Assignment
Your answer is the lines below, exactly, from the one that contains "(2 * n) choose" through the one that contains "by (rule bij_betw_byWitness[where", both included.

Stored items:
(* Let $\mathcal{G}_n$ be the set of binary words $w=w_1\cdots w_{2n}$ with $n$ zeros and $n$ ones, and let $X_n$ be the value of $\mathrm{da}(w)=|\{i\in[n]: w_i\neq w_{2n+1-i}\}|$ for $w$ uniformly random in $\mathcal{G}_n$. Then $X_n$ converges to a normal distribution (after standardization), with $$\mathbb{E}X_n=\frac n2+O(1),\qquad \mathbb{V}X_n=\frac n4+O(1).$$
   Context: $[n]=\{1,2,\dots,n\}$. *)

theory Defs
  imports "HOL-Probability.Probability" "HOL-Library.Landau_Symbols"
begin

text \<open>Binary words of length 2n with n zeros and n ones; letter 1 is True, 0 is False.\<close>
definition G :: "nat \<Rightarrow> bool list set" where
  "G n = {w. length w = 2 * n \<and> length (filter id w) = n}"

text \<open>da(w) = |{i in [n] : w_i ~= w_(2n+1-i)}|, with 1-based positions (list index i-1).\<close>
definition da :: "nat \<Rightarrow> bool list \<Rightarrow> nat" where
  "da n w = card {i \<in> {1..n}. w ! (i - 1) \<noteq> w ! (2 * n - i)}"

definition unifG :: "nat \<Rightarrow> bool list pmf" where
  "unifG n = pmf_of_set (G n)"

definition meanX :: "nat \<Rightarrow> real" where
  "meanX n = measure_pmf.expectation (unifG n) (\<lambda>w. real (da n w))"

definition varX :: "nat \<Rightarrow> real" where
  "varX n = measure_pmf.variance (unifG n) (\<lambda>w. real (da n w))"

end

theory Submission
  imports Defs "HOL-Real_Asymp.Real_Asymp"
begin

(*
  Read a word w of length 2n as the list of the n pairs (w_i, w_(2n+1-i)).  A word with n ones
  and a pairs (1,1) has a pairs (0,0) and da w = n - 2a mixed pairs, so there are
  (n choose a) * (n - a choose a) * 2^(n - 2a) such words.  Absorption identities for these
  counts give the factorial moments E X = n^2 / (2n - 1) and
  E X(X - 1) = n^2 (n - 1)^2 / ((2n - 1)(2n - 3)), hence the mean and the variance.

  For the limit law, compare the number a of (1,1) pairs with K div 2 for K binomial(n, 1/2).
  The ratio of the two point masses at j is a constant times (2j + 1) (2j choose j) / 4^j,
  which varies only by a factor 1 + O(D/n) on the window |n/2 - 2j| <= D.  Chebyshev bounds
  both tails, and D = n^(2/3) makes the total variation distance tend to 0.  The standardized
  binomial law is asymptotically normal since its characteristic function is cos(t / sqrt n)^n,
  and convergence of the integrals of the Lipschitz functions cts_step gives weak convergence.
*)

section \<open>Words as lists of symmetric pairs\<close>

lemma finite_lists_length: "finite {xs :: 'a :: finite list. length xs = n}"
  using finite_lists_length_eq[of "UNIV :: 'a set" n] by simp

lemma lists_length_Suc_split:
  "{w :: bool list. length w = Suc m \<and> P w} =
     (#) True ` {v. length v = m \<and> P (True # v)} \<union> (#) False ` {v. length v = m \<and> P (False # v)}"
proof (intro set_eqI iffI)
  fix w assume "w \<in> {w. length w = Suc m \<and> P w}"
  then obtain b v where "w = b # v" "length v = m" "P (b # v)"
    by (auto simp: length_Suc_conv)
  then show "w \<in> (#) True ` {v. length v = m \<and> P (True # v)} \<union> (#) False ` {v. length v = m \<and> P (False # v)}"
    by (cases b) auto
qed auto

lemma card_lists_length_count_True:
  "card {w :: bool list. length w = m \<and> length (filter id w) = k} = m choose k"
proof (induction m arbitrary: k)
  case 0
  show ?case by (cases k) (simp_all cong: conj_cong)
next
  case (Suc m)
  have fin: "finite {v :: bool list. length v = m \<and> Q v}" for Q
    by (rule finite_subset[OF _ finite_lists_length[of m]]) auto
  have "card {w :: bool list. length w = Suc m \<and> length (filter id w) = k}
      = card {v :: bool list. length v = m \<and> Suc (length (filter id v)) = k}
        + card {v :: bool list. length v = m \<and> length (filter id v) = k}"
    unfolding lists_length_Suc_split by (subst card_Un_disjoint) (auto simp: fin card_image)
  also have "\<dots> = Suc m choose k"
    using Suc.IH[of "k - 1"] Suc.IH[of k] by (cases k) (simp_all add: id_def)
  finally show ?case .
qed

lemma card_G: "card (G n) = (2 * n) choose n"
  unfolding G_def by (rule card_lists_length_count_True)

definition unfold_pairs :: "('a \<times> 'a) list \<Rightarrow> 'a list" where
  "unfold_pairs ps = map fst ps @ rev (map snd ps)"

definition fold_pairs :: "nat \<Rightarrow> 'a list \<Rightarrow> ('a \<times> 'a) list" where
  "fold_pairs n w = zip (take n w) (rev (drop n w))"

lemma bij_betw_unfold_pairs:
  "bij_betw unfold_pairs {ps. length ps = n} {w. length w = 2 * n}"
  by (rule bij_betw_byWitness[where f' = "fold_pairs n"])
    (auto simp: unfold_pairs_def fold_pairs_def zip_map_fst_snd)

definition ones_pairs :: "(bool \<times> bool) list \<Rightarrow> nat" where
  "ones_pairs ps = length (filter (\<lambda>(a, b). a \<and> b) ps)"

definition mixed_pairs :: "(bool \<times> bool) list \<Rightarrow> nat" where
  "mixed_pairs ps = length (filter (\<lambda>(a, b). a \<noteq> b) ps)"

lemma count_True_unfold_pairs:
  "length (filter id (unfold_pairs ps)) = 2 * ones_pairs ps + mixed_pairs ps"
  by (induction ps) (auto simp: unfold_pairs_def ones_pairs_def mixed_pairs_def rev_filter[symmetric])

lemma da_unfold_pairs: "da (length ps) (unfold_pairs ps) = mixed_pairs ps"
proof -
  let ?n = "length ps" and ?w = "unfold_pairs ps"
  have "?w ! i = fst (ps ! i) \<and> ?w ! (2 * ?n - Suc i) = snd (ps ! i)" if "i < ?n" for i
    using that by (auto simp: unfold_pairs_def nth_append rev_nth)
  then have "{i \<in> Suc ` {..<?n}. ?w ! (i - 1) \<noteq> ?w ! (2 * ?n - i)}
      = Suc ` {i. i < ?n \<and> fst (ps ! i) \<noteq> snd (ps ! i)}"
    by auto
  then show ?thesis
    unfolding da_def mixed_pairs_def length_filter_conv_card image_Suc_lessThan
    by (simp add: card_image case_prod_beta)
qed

* * *

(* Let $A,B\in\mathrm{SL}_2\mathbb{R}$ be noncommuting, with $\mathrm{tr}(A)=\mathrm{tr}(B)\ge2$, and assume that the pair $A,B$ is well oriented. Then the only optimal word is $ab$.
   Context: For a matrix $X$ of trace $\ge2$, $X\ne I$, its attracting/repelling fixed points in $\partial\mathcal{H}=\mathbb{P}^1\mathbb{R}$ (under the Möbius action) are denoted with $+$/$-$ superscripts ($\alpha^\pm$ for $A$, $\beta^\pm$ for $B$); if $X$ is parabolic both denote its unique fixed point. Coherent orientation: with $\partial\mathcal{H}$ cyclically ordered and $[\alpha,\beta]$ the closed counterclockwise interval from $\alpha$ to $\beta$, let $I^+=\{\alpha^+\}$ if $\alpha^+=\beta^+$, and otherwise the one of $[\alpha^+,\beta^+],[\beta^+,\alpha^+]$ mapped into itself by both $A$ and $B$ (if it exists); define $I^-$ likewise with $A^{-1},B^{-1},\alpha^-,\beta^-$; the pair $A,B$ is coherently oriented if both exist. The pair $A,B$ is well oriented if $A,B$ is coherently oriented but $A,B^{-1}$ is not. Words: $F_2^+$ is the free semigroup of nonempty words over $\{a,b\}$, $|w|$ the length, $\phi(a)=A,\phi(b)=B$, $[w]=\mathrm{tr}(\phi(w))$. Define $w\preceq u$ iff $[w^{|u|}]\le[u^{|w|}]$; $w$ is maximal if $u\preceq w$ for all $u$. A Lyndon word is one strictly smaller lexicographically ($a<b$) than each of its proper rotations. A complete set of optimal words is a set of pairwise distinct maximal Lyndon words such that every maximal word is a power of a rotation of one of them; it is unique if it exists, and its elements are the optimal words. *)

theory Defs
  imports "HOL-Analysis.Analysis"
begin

...

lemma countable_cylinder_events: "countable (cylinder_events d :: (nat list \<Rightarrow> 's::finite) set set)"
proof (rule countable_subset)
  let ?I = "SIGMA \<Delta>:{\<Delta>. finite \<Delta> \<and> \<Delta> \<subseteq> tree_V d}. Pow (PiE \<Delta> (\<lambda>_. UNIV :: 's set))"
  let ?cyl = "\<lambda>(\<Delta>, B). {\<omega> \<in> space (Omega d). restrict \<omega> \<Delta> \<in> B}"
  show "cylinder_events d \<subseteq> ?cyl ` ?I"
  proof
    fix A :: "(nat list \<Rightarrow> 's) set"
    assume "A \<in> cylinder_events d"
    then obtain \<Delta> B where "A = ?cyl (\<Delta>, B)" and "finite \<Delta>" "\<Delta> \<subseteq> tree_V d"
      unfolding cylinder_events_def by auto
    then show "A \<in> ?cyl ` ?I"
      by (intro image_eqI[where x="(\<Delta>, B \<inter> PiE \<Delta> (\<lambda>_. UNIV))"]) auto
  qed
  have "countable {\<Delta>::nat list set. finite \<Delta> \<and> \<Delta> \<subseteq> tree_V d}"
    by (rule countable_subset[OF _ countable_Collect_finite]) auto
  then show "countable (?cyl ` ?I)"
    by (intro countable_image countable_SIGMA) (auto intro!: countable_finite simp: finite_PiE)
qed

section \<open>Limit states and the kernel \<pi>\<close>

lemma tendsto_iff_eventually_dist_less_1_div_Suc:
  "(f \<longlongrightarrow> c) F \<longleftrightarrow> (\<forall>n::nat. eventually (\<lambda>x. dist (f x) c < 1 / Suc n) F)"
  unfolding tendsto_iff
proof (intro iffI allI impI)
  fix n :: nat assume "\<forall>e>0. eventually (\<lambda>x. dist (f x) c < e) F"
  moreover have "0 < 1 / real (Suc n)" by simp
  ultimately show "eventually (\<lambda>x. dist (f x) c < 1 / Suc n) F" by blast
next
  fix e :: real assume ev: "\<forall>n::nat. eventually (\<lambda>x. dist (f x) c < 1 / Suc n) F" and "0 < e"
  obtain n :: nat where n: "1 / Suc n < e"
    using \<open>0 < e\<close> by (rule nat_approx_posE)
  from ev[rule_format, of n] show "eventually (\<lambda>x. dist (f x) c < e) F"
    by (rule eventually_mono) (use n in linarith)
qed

Result of the task
lemma card_G: "card (G n) = (2 * n) choose n"
  unfolding G_def by (rule card_lists_length_count_True)

definition unfold_pairs :: "('a \<times> 'a) list \<Rightarrow> 'a list" where
  "unfold_pairs ps = map fst ps @ rev (map snd ps)"

definition fold_pairs :: "nat \<Rightarrow> 'a list \<Rightarrow> ('a \<times> 'a) list" where
  "fold_pairs n w = zip (take n w) (rev (drop n w))"

lemma bij_betw_unfold_pairs:
  "bij_betw unfold_pairs {ps. length ps = n} {w. length w = 2 * n}"
  by (rule bij_betw_byWitness[where f' = "fold_pairs n"])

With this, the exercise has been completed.